◆ WHAT YOU WILL DO:
Working from the entries below, count every line that includes the word "only". Return the figure alone.

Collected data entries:
lemma card_common_subword_tuples_le:
  assumes "m \<ge> 2" and "1 \<le> L" and "2 * L \<le> l" and "N \<ge> 1" and pat: "pat \<in> location_patterns N n l"
  shows "card {rs \<in> relator_tuples m l n. \<forall>k<N.
      subword_at L (snd (pat k)) (rs ! fst (pat k)) = subword_at L (snd (pat 0)) (rs ! fst (pat 0))}
      * (2 * m - 1) ^ ((L - 1) * (N - 1))
    \<le> (2 * m - 1) ^ (N - 1) * card (CR_words m l) ^ n"
proof -
  let ?q = "2 * m - 1" and ?c = "card (CR_words m l)" and ?Q = "(2 * m - 1) ^ ((L - 1) * (N - 1))"
  let ?sum = "\<Sum>r0\<in>CR_words m l. \<Prod>k\<in>{1..<N}.
    card {r \<in> CR_words m l. subword_at L (snd (pat k)) r = subword_at L (snd (pat 0)) r0}"
  have inj: "inj_on (fst \<circ> pat) {..<N}" and sub: "(fst \<circ> pat) ` {..<N} \<subseteq> {..<n}"
    using pat by (auto simp: location_patterns_def PiE_def Pi_def)
  have "card {rs \<in> relator_tuples m l n. \<forall>k<N.
      subword_at L (snd (pat k)) (rs ! fst (pat k)) = subword_at L (snd (pat 0)) (rs ! fst (pat 0))}
    \<le> ?sum * ?c ^ (n - N)"
    using card_lists_common_feature_le[OF finite_CR_words inj sub assms(4),
        where F = "\<lambda>k. subword_at L (snd (pat k))"]
    by (simp add: relator_tuples_nth conj_assoc)
  then have "card {rs \<in> relator_tuples m l n. \<forall>k<N.
      subword_at L (snd (pat k)) (rs ! fst (pat k)) = subword_at L (snd (pat 0)) (rs ! fst (pat 0))} * ?Q
    \<le> ?sum * ?c ^ (n - N) * ?Q"
    by (rule mult_le_mono1)
  also have "\<dots> = ?sum * ?Q * ?c ^ (n - N)"
    by (simp only: ac_simps)
  also have "\<dots> \<le> ?q ^ (N - 1) * ?c ^ N * ?c ^ (n - N)"
    by (rule mult_le_mono1[OF sum_prod_card_subword_at_le[OF assms(1-4)]])
  also have "\<dots> = ?q ^ (N - 1) * ?c ^ n"
    using location_patterns_le[OF pat] by (simp add: mult.assoc power_add[symmetric])
  finally show ?thesis .
qed

lemma card_repeated_word_le:
  assumes "N \<ge> 1"
  shows "card {rs \<in> relator_tuples m l n. repeated_word L N rs}
    \<le> card {rs \<in> relator_tuples m l n. \<exists>i<n. self_overlap L (rs ! i)}
      + (\<Sum>pat\<in>location_patterns N n l. card {rs \<in> relator_tuples m l n. \<forall>k<N.
          subword_at L (snd (pat k)) (rs ! fst (pat k)) = subword_at L (snd (pat 0)) (rs ! fst (pat 0))})"
proof -
  let ?A = "{rs \<in> relator_tuples m l n. \<exists>i<n. self_overlap L (rs ! i)}"
  let ?B = "\<lambda>pat. {rs \<in> relator_tuples m l n. \<forall>k<N.
    subword_at L (snd (pat k)) (rs ! fst (pat k)) = subword_at L (snd (pat 0)) (rs ! fst (pat 0))}"
  have "{rs \<in> relator_tuples m l n. repeated_word L N rs} \<subseteq> ?A \<union> (\<Union>pat\<in>location_patterns N n l. ?B pat)"
  proof
    fix rs assume "rs \<in> {rs \<in> relator_tuples m l n. repeated_word L N rs}"
    then have rs: "rs \<in> relator_tuples m l n" and "repeated_word L N rs" by auto
    from repeated_word_cases[OF this assms]
    show "rs \<in> ?A \<union> (\<Union>pat\<in>location_patterns N n l. ?B pat)"
    proof (elim disjE bexE)
      assume "\<exists>i<n. self_overlap L (rs ! i)"
      with rs show ?thesis by simp
    next
      fix pat assume pat: "pat \<in> location_patterns N n l" and common: "\<forall>k<N.
        subword_at L (snd (pat k)) (rs ! fst (pat k)) = subword_at L (snd (pat 0)) (rs ! fst (pat 0))"
      have "rs \<in> ?B pat" by (rule CollectI, rule conjI[OF rs common])
      with pat show ?thesis by blast
    qed
  qed
  moreover have "finite (?A \<union> (\<Union>pat\<in>location_patterns N n l. ?B pat))"
    by (rule finite_subset[OF _ finite_relator_tuples]) blast
  ultimately have "card {rs \<in> relator_tuples m l n. repeated_word L N rs}
      \<le> card (?A \<union> (\<Union>pat\<in>location_patterns N n l. ?B pat))"
    by (rule card_mono[rotated])
  also have "\<dots> \<le> card ?A + card (\<Union>pat\<in>location_patterns N n l. ?B pat)"
    by (rule card_Un_le)
  also have "card (\<Union>pat\<in>location_patterns N n l. ?B pat) \<le> (\<Sum>pat\<in>location_patterns N n l. card (?B pat))"
    by (rule card_UN_le[OF finite_location_patterns])
  finally show ?thesis by simp
qed

lemma prob_repeated_word_le:
  assumes "m \<ge> 2" and "1 \<le> L" and "2 * L \<le> l" and "N \<ge> 1"
  defines "q \<equiv> real (2 * m - 1)"
  shows "prob_event m l n (repeated_word L N)
    \<le> real n * (4 * real l ^ 2) * q / q ^ L + (2 * real n * real l) ^ N * q ^ (N - 1) / q ^ ((L - 1) * (N - 1))"
proof -
  let ?T = "relator_tuples m l n" and ?c = "card (CR_words m l)" and ?pats = "location_patterns N n l"
  let ?A = "{rs \<in> ?T. \<exists>i<n. self_overlap L (rs ! i)}"
  let ?B = "\<lambda>pat. {rs \<in> ?T. \<forall>k<N.
    subword_at L (snd (pat k)) (rs ! fst (pat k)) = subword_at L (snd (pat 0)) (rs ! fst (pat 0))}"
  have c: "0 < ?c" using card_CR_words_pos assms(1-3) by simp
  have A: "real (card ?A) / real (?c ^ n) \<le> real (n * (4 * l ^ 2) * (2 * m - 1)) / real ((2 * m - 1) ^ L)"
    by (rule of_nat_div_le_of_nat_div[OF card_self_overlap_tuples_le[OF assms(1-3)]]) (use assms(1) c in simp_all)
  have B: "real (card (?B pat)) / real (?c ^ n)
      \<le> real ((2 * m - 1) ^ (N - 1)) / real ((2 * m - 1) ^ ((L - 1) * (N - 1)))" if "pat \<in> ?pats" for pat
    by (rule of_nat_div_le_of_nat_div[OF card_common_subword_tuples_le[OF assms(1-4) that]]) (use assms(1) c in simp_all)
  have "real (card {rs \<in> ?T. repeated_word L N rs}) \<le> real (card ?A) + (\<Sum>pat\<in>?pats. real (card (?B pat)))"
    using card_repeated_word_le[OF assms(4)] by (simp only: of_nat_le_iff of_nat_add[symmetric] of_nat_sum[symmetric])
  then have "prob_event m l n (repeated_word L N)
      \<le> real (card ?A) / real (?c ^ n) + (\<Sum>pat\<in>?pats. real (card (?B pat)) / real (?c ^ n))"
    unfolding prob_event_def card_relator_tuples sum_divide_distrib[symmetric] add_divide_distrib[symmetric]
    by (rule divide_right_mono) simp
  also have "\<dots> \<le> real n * (4 * real l ^ 2) * q / q ^ L + (\<Sum>pat\<in>?pats. q ^ (N - 1) / q ^ ((L - 1) * (N - 1)))"
  proof (rule add_mono)
    show "real (card ?A) / real (?c ^ n) \<le> real n * (4 * real l ^ 2) * q / q ^ L"
      using A by (simp add: q_def)
    show "(\<Sum>pat\<in>?pats. real (card (?B pat)) / real (?c ^ n)) \<le> (\<Sum>pat\<in>?pats. q ^ (N - 1) / q ^ ((L - 1) * (N - 1)))"
      by (rule sum_mono) (use B in \<open>simp add: q_def\<close>)
  qed
  also have "(\<Sum>pat\<in>?pats. q ^ (N - 1) / q ^ ((L - 1) * (N - 1))) = real (card ?pats) * (q ^ (N - 1) / q ^ ((L - 1) * (N - 1)))"
    by simp
  also have "\<dots> \<le> (2 * real n * real l) ^ N * (q ^ (N - 1) / q ^ ((L - 1) * (N - 1)))"
  proof (rule mult_right_mono)
    have "real (card ?pats) \<le> real ((2 * n * l) ^ N)"
      using card_location_patterns_le by (simp only: of_nat_le_iff)
    then show "real (card ?pats) \<le> (2 * real n * real l) ^ N" by simp
  qed (simp add: q_def)
  finally show ?thesis by (simp only: times_divide_eq_right)
qed
lemma qEHT_polys_orthogonal_qint:
  assumes alpha: "exp (\<alpha> * complex_of_real (ln q)) = complex_of_real (1 / kappa)"
    and P: "\<And>n. P n \<noteq> 0 \<and> qEHT q (smult s1 [:- a1, 1:]) [:t0, t1:] n (poly (P n))"
  shows "\<exists>d. (\<forall>n. d n \<noteq> 0) \<and> (\<forall>m n. has_qint_inf q a
           (\<lambda>x. complex_of_real (poly (P n) x * poly (P m) x) * rho_w q \<alpha> a1 a2 a x)
           (if m = n then d n else 0))"
proof -
  have "\<forall>n. \<exists>S>0. (\<lambda>j. weight j * (poly (P n) (node j) * poly (P n) (node j))) sums S"
    using weight_poly_square_sums_pos P by blast
  then obtain S where S: "\<And>n. 0 < S n \<and> (\<lambda>j. weight j * (poly (P n) (node j) * poly (P n) (node j))) sums S n"
    by (metis choice)
  define d where "d n = exp (\<alpha> * complex_of_real (ln a)) * complex_of_real (S n)" for n
  have qint: "has_qint_inf q a (\<lambda>x. complex_of_real (poly (P n) x * poly (P m) x) * rho_w q \<alpha> a1 a2 a x)
          (if m = n then d n else 0)" for m n
  proof (cases "m = n")
    case True
    then show ?thesis
      using has_qint_inf_of_weight_sums[OF alpha, of "\<lambda>x. poly (P n) x * poly (P n) x"] S[of n]
      by (simp add: d_def)
  next
    case False
    then show ?thesis
      using has_qint_inf_of_weight_sums[OF alpha qEHT_poly_orthogonal[of n "P n" m "P m"]] P by simp
  qed
  have "d n \<noteq> 0" for n
    using S[of n] by (simp add: d_def)
  then show ?thesis
    using qint by (intro exI[of _ d] conjI allI)
qed

end

theorem theorem5p2:
  fixes q s1 a1 t0 t1 a2 b2 a :: real and \<alpha> :: complex
    and \<sigma>1 \<tau> \<sigma>2 :: "real poly"
  assumes q: "0 < q" "q < 1"
    and s1: "s1 \<noteq> 0" and a1: "a1 \<noteq> 0"
    and sig1: "\<sigma>1 = smult s1 [:- a1, 1:]"
    and tau: "\<tau> = [:t0, t1:]" and t1: "t1 \<noteq> 0"
    and sig2: "\<sigma>2 = smult q (\<sigma>1 + smult (1 - 1/q) ([:0, 1:] * \<tau>))"
    and sig2_fact: "\<sigma>2 = smult ((q - 1) * t1) ([:- a2, 1:] * [:- b2, 1:])"
    and zeros: "a2 < 0" "0 < a1" "a1 < b2"
    and Lam: "t1 / s1 < 0"
    and a_def: "a = b2"
    and alpha: "exp (\<alpha> * complex_of_real (ln q)) = complex_of_real ((1 / q ^ 2) * ((q - 1) * t1) / s1)"
  shows "\<exists>P :: nat \<Rightarrow> real poly. \<exists>d :: nat \<Rightarrow> complex.
           (\<forall>n. P n \<noteq> 0 \<and> degree (P n) = n \<and> qEHT q \<sigma>1 \<tau> n (poly (P n)))
         \<and> (\<forall>n. d n \<noteq> 0)
         \<and> (\<forall>m n. has_qint_inf q a
                    (\<lambda>x. complex_of_real (poly (P n) x * poly (P m) x) * rho_w q \<alpha> a1 a2 a x)
                    (if m = n then d n else 0))"
proof -
  have "q * (s1 * (x - a1) + (1 - 1/q) * x * (t0 + t1 * x)) = (q - 1) * t1 * (x - a2) * (x - a)" for x
    using arg_cong[OF sig2_fact, of "\<lambda>p. poly p x"] unfolding sig2 sig1 tau a_def by (simp add: algebra_simps)
  then interpret L: qEHT_lattice q s1 a1 t1 a2 a t0
    using q s1 t1 Lam zeros a_def by unfold_locales auto
  have alpha': "exp (\<alpha> * complex_of_real (ln q)) = complex_of_real (1 / L.kappa)"
    unfolding alpha L.kappa_def by (simp add: power2_eq_square)
  have "\<forall>n. \<exists>P. degree P = n \<and> P \<noteq> 0 \<and> qEHT q \<sigma>1 \<tau> n (poly P)"
    using exists_poly_solution_qEHT_linear[OF q t1] unfolding sig1 tau by blast
  then obtain P where P: "\<And>n. degree (P n) = n \<and> P n \<noteq> 0 \<and> qEHT q \<sigma>1 \<tau> n (poly (P n))"
    by (metis choice)
  then have "\<And>n. P n \<noteq> 0 \<and> qEHT q (smult s1 [:- a1, 1:]) [:t0, t1:] n (poly (P n))"
    unfolding sig1 tau by blast
  from L.qEHT_polys_orthogonal_qint[OF alpha' this] obtain d where
    "\<forall>n. d n \<noteq> 0" "\<forall>m n. has_qint_inf q a
       (\<lambda>x. complex_of_real (poly (P n) x * poly (P m) x) * rho_w q \<alpha> a1 a2 a x) (if m = n then d n else 0)"
    by blast
  with P show ?thesis
    by (intro exI[of _ P] exI[of _ d] conjI allI) auto
qed

end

◆ SOLUTION TO THIS TASK:
4